Only lines that contain the string "notin" should be returned from the material below.

***** INPUT RECORDS *****

(* Let $x\in\mathcal{X}$, $\delta\in[0,1]$ and $x'=\eta(x,\delta)$. Then $x'\in\mathcal{X}$ and $\|x'-x\|\le\delta$, with strict inequality when $\delta>0$. Furthermore, when $\delta>0$, $x'\notin\partial\mathcal{X}$.
   Context: Fix $D\ge1$, Euclidean norm $\|\cdot\|$ on $\mathbb{R}^D$. For $A\subseteq\mathbb{R}^D$ let $d(z,A)=\inf_{a\in A}\|z-a\|$, $\mathrm{Med}(A)=\{z:\exists p\neq q\in A,\ \|p-z\|=\|q-z\|=d(z,A)\}$, and reach $\tau_A=\inf_{a\in A}d(a,\mathrm{Med}(A))$. Let $\mathcal{X}'\subset\mathbb{R}^D$ be nonempty compact with reach $\tau_{\mathcal{X}'}>0$, fix $0<\epsilon_I<\min\{\tau_{\mathcal{X}'},1\}$, and set $\mathcal{X}=\{x\in\mathbb{R}^D:d(x,\mathcal{X}')\le\epsilon_I\}$. Let $\zeta\colon\mathcal{X}\to\mathcal{X}'$ map $x$ to the (unique) point $\zeta(x)\in\mathcal{X}'$ with $\|x-\zeta(x)\|=d(x,\mathcal{X}')$, and define $\eta\colon\mathcal{X}\times[0,1]\to\mathbb{R}^D$ by $\eta(x,\delta)=x+\delta(\zeta(x)-x)$. *)

theory Defs
  imports "HOL-Analysis.Analysis"
begin

definition medial_axis :: "'a::euclidean_space set \<Rightarrow> 'a set" where
  "medial_axis A = {z. \<exists>p q. p \<in> A \<and> q \<in> A \<and> p \<noteq> q \<and>
      dist p z = infdist z A \<and> dist q z = infdist z A}"

text \<open>Reach, valued in the extended reals so that an empty medial axis gives infinite reach
  (inf over the empty set is +infinity, as in the paper).\<close>
definition reach :: "'a::euclidean_space set \<Rightarrow> ereal" where
  "reach A = (INF a\<in>A. INF m\<in>medial_axis A. ereal (dist a m))"

definition tube :: "real \<Rightarrow> 'a::euclidean_space set \<Rightarrow> 'a set" where
  "tube eps A = {x. infdist x A \<le> eps}"

definition proj :: "'a::euclidean_space set \<Rightarrow> 'a \<Rightarrow> 'a" where
  "proj A x = (THE y. y \<in> A \<and> dist x y = infdist x A)"

definition eta :: "'a::euclidean_space set \<Rightarrow> 'a \<Rightarrow> real \<Rightarrow> 'a" where
  "eta A x \<delta> = x + \<delta> *\<^sub>R (proj A x - x)"

end

theory Submission
  imports Defs
begin

text \<open>Below the reach every point has a unique nearest point p in X', so eta moves x along
  the segment towards p: the step has length \<delta> d and the distance to X' drops to at most
  (1 - \<delta>) d, where d = infdist x X' \<le> eps < 1. For \<delta> > 0 the new distance is strictly
  below eps, which places the point in the open set {y. infdist y X' < eps} inside the tube.\<close>

lemma nearest_point_unique_below_reach:
  fixes A :: "'a::euclidean_space set"
  assumes "ereal (infdist x A) < reach A"
    and "p \<in> A" "dist x p = infdist x A"
    and "q \<in> A" "dist x q = infdist x A"
  shows "p = q"
proof (rule ccontr)
  assume "p \<noteq> q"
  then have "x \<in> medial_axis A"
    using assms(2-5) unfolding medial_axis_def by (auto simp: dist_commute)
  then have "reach A \<le> ereal (dist p x)"
    unfolding reach_def using assms(2) by (meson INF_lower INF_lower2)
  with assms(1,3) show False by (simp add: dist_commute)
qed

lemma proj_nearest_below_reach:
  fixes A :: "'a::euclidean_space set"
  assumes "closed A" "A \<noteq> {}" "ereal (infdist x A) < reach A"
  shows "proj A x \<in> A" "dist x (proj A x) = infdist x A"
proof -
  obtain p where p: "p \<in> A" "infdist x A = dist x p"
    using infdist_attains_inf[OF assms(1,2)] by blast
  have "proj A x = p"
    unfolding proj_def
    using p nearest_point_unique_below_reach[OF assms(3)] by (intro the_equality) auto
  with p show "proj A x \<in> A" "dist x (proj A x) = infdist x A" by simp_all
qed

lemma norm_eta_diff: "norm (eta A x \<delta> - x) = \<bar>\<delta>\<bar> * dist x (proj A x)"
  by (simp add: eta_def dist_norm norm_minus_commute)

lemma infdist_eta_le:
  assumes "proj A x \<in> A"
  shows "infdist (eta A x \<delta>) A \<le> \<bar>1 - \<delta>\<bar> * dist x (proj A x)"
proof -
  have "eta A x \<delta> - proj A x = (1 - \<delta>) *\<^sub>R (x - proj A x)"
    by (simp add: eta_def algebra_simps)
  then have "dist (eta A x \<delta>) (proj A x) = \<bar>1 - \<delta>\<bar> * dist x (proj A x)"
    by (simp add: dist_norm)
  then show ?thesis
    using infdist_le[OF assms, of "eta A x \<delta>"] by simp
qed

lemma not_in_frontier_tube:
  assumes "infdist y A < eps"
  shows "y \<notin> frontier (tube eps A)"
proof -
  have "open {z. infdist z A < eps}"
    by (rule open_Collect_less) (auto intro: continuous_intros)
  moreover have "{z. infdist z A < eps} \<subseteq> tube eps A"
    unfolding tube_def by auto
  ultimately have "y \<in> interior (tube eps A)"
    using assms interior_maximal by blast
  then show ?thesis
    unfolding frontier_def by simp
qed

theorem lemma1:
  fixes X' :: "'a::euclidean_space set" and eps \<delta> :: real and x :: 'a
  assumes "X' \<noteq> {}" and "compact X'" and "reach X' > 0"
    and "0 < eps" and "ereal eps < reach X'" and "eps < 1"
    and "x \<in> tube eps X'" and "0 \<le> \<delta>" and "\<delta> \<le> 1"
  shows "eta X' x \<delta> \<in> tube eps X' \<and> norm (eta X' x \<delta> - x) \<le> \<delta> \<and>
         (\<delta> > 0 \<longrightarrow> norm (eta X' x \<delta> - x) < \<delta> \<and> eta X' x \<delta> \<notin> frontier (tube eps X'))"
proof -
  define d where "d = infdist x X'"
  have d: "0 \<le> d" "d \<le> eps"
    using assms(7) by (auto simp: d_def tube_def infdist_nonneg)
  have "ereal d < reach X'"
    using d(2) assms(5) by (meson ereal_less_eq(3) order_le_less_trans)
  then have "proj X' x \<in> X'" "dist x (proj X' x) = d"
    using proj_nearest_below_reach[OF compact_imp_closed[OF assms(2)] assms(1)] d_def by auto
  then have step: "norm (eta X' x \<delta> - x) = \<delta> * d"
    and new_dist: "infdist (eta X' x \<delta>) X' \<le> (1 - \<delta>) * d"
    using norm_eta_diff infdist_eta_le assms(8,9) by (metis abs_of_nonneg diff_ge_0_iff_ge)+
  have "d < 1" "(1 - \<delta>) * d \<le> (1 - \<delta>) * eps"
    using d assms(6,9) by (auto intro: mult_left_mono)
  moreover have "(1 - \<delta>) * eps \<le> eps" "\<delta> * d \<le> \<delta>"
    using d assms(4,6,8) by (auto simp: algebra_simps intro: mult_left_le)
  moreover have "(1 - \<delta>) * eps < eps" "\<delta> * d < \<delta>" if "\<delta> > 0"
    using that \<open>d < 1\<close> assms(4) by (auto simp: algebra_simps)
  ultimately have "infdist (eta X' x \<delta>) X' \<le> eps" "norm (eta X' x \<delta> - x) \<le> \<delta>"
    and "\<delta> > 0 \<Longrightarrow> norm (eta X' x \<delta> - x) < \<delta> \<and> infdist (eta X' x \<delta>) X' < eps"
    using step new_dist by linarith+
  then show ?thesis
    using not_in_frontier_tube unfolding tube_def by blast
qed

end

*****

**ANSWER TO THIS EXERCISE:**
(* Let $x\in\mathcal{X}$, $\delta\in[0,1]$ and $x'=\eta(x,\delta)$. Then $x'\in\mathcal{X}$ and $\|x'-x\|\le\delta$, with strict inequality when $\delta>0$. Furthermore, when $\delta>0$, $x'\notin\partial\mathcal{X}$.
  shows "y \<notin> frontier (tube eps A)"
         (\<delta> > 0 \<longrightarrow> norm (eta X' x \<delta> - x) < \<delta> \<and> eta X' x \<delta> \<notin> frontier (tube eps X'))"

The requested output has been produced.